Return the lines of the data below in which the string "thesis" occurs.

[Opening Extracted entries section]

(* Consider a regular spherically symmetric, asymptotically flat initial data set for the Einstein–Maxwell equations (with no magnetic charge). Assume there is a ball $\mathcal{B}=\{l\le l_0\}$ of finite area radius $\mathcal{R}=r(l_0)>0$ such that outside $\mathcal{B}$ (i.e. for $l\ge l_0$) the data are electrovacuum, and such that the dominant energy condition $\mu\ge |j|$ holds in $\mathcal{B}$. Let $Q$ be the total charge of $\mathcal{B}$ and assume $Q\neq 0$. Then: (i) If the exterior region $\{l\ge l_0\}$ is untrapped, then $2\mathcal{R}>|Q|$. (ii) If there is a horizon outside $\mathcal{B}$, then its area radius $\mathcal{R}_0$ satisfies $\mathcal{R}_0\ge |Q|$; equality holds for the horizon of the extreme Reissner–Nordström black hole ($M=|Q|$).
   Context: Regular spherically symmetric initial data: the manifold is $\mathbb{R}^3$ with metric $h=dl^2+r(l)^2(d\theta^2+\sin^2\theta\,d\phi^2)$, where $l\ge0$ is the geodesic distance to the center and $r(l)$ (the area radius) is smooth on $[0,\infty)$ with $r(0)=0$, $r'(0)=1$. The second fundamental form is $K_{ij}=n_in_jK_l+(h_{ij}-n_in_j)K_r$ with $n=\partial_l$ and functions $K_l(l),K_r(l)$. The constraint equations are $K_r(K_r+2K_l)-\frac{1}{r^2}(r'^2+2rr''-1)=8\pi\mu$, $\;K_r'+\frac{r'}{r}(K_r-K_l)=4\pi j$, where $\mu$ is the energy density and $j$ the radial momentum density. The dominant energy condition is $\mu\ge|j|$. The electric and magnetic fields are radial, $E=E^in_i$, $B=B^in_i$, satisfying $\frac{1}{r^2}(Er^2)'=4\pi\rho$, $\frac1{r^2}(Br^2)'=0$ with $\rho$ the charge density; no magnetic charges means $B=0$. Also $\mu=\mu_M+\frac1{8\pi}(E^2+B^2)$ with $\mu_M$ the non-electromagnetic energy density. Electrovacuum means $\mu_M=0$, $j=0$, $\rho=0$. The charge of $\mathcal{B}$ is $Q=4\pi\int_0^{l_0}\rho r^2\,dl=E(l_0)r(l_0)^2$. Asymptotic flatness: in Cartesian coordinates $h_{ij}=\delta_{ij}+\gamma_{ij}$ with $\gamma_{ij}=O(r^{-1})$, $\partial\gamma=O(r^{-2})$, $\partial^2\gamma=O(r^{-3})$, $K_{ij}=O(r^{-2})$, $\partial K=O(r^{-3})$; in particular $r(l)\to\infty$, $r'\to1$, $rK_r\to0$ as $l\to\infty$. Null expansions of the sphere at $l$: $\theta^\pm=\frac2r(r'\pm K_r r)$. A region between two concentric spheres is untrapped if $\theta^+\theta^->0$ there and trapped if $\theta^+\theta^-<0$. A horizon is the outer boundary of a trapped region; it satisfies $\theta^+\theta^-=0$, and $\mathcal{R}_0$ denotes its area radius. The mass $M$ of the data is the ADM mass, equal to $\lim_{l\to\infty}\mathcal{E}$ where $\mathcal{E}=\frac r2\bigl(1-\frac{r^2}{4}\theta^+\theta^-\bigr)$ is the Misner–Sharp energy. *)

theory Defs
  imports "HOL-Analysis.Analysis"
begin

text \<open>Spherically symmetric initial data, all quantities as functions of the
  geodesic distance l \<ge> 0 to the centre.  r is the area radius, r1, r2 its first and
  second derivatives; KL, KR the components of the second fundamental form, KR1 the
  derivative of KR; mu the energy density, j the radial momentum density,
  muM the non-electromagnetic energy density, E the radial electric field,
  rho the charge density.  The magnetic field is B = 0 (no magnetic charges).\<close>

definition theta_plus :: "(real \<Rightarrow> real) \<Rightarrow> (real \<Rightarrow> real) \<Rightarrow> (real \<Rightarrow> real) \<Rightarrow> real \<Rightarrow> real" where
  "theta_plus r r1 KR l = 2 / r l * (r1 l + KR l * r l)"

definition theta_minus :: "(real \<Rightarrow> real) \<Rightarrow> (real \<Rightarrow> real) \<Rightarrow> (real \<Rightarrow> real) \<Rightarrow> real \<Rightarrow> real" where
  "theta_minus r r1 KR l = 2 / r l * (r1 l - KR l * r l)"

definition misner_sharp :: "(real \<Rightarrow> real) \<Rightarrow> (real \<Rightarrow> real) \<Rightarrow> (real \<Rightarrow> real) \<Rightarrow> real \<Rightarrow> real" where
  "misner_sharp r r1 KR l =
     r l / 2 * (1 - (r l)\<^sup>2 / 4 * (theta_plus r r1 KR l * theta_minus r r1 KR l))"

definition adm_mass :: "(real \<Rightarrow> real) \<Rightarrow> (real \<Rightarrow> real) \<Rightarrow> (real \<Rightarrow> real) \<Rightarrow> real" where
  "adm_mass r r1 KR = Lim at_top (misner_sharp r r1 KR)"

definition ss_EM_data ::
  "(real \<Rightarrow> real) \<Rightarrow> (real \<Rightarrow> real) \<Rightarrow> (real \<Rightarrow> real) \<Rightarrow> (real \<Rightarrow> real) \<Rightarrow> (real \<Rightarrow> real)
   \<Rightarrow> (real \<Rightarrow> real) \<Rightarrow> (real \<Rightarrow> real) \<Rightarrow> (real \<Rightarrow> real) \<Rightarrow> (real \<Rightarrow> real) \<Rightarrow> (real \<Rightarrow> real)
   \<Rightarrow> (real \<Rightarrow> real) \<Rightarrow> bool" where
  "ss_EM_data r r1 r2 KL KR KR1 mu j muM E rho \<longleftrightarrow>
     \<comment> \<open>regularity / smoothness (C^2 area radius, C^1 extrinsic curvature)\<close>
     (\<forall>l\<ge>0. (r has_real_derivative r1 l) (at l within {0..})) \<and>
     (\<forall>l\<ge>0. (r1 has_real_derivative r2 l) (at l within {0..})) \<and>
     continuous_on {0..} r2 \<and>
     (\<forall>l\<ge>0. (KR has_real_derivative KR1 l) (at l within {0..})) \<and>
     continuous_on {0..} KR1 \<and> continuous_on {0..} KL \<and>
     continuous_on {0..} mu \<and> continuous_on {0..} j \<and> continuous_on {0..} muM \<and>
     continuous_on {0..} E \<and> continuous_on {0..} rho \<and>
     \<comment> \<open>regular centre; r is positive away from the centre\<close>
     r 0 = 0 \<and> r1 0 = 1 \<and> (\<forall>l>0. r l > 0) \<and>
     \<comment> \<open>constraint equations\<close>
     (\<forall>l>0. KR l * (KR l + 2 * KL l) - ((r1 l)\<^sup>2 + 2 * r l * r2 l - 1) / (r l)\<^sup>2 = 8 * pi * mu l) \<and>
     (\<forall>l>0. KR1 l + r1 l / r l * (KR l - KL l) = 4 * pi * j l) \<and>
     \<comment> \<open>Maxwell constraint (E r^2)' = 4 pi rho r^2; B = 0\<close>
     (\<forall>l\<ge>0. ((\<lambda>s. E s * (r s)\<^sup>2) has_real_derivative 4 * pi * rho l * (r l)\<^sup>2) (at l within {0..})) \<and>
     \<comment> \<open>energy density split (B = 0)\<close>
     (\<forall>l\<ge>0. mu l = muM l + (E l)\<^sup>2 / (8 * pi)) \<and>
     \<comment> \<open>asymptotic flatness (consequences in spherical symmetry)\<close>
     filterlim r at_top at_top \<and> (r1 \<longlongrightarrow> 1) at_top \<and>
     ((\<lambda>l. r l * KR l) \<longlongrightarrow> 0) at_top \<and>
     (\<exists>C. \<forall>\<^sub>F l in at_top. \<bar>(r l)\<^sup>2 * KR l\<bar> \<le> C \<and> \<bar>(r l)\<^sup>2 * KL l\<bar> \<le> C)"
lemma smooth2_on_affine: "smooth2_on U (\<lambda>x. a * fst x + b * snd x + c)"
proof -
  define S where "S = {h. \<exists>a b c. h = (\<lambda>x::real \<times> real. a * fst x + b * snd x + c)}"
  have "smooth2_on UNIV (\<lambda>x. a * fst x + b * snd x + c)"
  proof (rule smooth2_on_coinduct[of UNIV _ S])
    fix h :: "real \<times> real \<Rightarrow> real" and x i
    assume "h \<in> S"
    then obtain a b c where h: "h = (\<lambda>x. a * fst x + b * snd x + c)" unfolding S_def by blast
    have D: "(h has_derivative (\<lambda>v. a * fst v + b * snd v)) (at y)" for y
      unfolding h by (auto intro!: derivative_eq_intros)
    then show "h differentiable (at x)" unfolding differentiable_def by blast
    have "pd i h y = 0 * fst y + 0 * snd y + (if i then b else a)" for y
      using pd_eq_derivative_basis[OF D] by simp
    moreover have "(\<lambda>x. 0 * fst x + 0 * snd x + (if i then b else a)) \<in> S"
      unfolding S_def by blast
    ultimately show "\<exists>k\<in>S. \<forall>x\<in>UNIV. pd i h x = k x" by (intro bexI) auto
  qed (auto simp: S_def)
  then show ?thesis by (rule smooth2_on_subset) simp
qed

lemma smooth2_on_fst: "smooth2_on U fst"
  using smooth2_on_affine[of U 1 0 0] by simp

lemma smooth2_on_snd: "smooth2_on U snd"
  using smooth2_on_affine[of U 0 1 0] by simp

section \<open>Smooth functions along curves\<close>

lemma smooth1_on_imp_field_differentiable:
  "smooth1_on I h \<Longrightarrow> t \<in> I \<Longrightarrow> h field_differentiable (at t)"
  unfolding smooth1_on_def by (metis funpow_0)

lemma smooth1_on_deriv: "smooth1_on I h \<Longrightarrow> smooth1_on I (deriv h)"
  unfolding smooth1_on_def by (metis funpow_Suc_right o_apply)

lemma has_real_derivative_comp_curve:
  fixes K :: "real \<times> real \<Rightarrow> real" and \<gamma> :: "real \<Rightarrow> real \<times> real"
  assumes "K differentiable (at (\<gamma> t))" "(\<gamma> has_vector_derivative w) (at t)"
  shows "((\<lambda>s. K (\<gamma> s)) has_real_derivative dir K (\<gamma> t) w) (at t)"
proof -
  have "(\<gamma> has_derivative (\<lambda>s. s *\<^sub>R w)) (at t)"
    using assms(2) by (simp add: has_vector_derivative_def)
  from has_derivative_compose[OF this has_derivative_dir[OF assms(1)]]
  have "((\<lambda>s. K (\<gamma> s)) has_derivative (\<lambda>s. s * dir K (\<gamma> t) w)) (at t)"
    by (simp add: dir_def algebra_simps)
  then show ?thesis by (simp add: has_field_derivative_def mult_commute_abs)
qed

[Closing Extracted entries section]
[Opening Extracted entries section]

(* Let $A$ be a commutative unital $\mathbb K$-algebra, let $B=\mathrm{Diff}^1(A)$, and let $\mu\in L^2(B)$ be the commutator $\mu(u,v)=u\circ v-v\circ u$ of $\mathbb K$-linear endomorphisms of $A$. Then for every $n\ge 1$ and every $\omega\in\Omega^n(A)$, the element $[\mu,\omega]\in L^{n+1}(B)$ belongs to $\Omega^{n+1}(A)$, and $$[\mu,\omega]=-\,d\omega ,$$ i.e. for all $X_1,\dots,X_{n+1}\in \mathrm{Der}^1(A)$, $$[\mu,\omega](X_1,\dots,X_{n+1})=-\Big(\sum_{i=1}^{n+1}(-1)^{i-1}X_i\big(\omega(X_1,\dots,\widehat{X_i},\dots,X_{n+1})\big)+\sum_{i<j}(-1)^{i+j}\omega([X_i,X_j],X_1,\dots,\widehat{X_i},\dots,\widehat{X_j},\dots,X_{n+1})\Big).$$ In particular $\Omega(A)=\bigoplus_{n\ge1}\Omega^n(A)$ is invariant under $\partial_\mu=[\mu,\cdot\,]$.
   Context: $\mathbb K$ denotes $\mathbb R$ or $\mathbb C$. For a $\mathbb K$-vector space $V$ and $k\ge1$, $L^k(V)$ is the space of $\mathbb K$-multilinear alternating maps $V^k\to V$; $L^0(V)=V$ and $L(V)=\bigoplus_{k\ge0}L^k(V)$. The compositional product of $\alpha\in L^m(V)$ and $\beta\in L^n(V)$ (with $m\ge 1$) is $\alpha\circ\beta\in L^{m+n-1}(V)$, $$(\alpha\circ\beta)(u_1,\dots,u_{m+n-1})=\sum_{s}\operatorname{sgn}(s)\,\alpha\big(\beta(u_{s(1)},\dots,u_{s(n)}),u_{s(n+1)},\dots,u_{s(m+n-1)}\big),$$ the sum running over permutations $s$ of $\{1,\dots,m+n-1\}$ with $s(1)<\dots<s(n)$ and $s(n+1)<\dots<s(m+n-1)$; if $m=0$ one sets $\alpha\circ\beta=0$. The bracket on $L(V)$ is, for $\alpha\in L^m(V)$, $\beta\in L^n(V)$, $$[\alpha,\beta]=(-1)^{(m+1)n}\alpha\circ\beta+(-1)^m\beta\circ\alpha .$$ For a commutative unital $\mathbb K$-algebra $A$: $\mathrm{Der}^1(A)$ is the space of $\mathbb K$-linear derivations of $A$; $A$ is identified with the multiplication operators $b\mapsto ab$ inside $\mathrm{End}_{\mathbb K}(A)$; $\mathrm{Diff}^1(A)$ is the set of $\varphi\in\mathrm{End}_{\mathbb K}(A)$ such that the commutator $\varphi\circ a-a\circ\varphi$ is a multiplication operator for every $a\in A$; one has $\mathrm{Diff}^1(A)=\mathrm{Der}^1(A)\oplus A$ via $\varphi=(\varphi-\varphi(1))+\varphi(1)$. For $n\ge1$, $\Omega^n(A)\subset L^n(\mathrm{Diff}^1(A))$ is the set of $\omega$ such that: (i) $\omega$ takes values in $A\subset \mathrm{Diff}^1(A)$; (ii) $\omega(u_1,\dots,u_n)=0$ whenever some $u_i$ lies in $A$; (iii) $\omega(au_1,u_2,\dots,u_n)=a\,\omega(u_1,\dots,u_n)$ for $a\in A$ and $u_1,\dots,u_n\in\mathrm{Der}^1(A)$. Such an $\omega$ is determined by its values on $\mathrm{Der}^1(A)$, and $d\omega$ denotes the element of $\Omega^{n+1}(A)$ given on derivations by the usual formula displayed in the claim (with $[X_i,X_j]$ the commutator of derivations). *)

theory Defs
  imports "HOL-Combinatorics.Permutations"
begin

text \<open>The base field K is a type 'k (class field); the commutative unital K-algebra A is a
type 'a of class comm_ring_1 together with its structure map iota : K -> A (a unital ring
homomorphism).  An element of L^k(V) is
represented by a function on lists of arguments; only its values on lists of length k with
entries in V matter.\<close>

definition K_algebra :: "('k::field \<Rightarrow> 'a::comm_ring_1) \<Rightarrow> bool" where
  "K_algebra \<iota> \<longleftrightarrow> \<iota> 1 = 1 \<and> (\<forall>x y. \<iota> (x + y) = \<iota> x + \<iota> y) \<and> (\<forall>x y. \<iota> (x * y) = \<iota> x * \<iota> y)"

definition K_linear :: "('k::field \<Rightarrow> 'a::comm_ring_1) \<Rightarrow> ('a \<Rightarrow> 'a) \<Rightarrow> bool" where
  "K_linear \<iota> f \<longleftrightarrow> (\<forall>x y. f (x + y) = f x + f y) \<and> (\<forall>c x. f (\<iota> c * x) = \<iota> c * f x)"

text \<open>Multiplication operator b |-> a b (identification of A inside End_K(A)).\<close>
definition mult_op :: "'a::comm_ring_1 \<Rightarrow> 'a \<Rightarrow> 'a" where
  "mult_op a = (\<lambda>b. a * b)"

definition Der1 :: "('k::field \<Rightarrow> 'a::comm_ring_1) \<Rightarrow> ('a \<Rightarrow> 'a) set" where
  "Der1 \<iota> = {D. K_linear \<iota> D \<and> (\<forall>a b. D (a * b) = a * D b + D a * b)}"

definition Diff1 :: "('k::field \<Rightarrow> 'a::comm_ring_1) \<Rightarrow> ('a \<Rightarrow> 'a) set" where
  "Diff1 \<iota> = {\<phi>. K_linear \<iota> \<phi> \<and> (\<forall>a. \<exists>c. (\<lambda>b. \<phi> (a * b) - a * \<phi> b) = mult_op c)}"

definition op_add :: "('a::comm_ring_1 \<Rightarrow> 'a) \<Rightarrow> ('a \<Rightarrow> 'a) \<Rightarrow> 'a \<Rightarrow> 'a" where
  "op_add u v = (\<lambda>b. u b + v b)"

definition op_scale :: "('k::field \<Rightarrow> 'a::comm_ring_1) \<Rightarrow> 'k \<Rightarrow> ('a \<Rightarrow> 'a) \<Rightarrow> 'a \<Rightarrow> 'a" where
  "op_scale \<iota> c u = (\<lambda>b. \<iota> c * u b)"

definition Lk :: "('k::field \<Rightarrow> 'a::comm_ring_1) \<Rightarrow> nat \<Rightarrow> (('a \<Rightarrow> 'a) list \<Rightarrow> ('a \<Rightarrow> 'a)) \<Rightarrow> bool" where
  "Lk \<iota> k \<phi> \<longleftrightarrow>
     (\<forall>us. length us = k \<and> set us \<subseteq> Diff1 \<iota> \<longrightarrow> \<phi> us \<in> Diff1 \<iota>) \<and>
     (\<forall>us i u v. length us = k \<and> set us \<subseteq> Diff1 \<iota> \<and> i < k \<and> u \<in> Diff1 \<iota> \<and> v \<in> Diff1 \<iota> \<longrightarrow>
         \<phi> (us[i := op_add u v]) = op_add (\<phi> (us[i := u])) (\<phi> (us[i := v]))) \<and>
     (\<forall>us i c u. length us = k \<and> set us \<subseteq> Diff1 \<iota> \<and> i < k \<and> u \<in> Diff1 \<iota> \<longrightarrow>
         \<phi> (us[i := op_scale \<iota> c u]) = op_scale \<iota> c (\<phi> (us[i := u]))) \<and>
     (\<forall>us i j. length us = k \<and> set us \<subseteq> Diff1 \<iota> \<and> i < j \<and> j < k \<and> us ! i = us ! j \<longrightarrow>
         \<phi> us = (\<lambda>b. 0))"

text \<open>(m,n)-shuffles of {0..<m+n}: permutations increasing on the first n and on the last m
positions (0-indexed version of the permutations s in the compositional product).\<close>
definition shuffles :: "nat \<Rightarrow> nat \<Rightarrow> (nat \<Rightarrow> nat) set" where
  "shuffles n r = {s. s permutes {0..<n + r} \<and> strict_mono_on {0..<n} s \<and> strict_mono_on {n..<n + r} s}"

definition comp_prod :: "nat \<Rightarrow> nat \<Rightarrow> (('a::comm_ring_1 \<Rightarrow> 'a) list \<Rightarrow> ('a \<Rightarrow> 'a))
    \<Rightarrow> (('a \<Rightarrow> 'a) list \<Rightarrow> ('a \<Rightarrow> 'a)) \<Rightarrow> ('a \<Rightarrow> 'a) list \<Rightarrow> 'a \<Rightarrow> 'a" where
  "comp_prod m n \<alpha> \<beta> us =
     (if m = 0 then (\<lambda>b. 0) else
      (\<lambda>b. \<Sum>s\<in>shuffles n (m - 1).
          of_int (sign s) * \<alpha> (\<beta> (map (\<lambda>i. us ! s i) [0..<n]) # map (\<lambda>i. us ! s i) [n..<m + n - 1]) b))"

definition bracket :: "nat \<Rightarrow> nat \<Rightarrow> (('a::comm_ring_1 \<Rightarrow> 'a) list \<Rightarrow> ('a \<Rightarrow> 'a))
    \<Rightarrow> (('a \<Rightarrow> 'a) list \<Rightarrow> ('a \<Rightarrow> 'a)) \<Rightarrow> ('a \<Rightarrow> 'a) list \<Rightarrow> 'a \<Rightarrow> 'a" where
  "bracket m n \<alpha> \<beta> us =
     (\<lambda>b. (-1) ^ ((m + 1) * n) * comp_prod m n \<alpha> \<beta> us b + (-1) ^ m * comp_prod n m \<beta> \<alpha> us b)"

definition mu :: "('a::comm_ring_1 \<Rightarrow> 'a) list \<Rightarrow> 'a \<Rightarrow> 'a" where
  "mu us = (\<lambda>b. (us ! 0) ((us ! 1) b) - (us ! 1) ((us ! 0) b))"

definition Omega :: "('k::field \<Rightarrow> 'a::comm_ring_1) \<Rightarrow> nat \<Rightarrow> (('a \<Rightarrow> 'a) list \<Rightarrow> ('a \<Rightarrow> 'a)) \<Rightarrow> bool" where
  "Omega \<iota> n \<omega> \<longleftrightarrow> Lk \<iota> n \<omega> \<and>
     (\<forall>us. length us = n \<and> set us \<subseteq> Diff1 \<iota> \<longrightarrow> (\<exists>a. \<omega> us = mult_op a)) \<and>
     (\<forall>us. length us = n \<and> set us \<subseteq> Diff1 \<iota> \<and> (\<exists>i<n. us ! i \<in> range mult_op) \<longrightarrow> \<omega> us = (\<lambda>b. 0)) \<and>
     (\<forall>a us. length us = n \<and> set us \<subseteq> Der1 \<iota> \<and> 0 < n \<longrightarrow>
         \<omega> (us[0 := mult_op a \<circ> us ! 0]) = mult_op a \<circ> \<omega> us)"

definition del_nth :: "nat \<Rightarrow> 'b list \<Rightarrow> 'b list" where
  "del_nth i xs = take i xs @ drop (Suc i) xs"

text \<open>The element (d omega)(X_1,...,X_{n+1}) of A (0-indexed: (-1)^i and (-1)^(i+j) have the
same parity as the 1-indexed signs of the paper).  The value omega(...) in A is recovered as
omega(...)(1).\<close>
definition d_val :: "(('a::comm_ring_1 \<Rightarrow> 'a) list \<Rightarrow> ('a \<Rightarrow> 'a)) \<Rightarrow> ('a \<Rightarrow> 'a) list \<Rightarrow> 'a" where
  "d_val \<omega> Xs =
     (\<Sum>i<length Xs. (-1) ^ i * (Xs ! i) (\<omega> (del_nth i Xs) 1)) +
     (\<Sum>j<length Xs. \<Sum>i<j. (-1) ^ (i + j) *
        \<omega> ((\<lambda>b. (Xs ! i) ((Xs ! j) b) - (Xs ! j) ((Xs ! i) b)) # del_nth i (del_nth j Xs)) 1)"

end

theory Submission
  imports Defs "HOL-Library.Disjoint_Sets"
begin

[Closing Extracted entries section]

Solution to this task |
  then show ?thesis by (rule smooth2_on_subset) simp
  then show ?thesis by (simp add: has_field_derivative_def mult_commute_abs)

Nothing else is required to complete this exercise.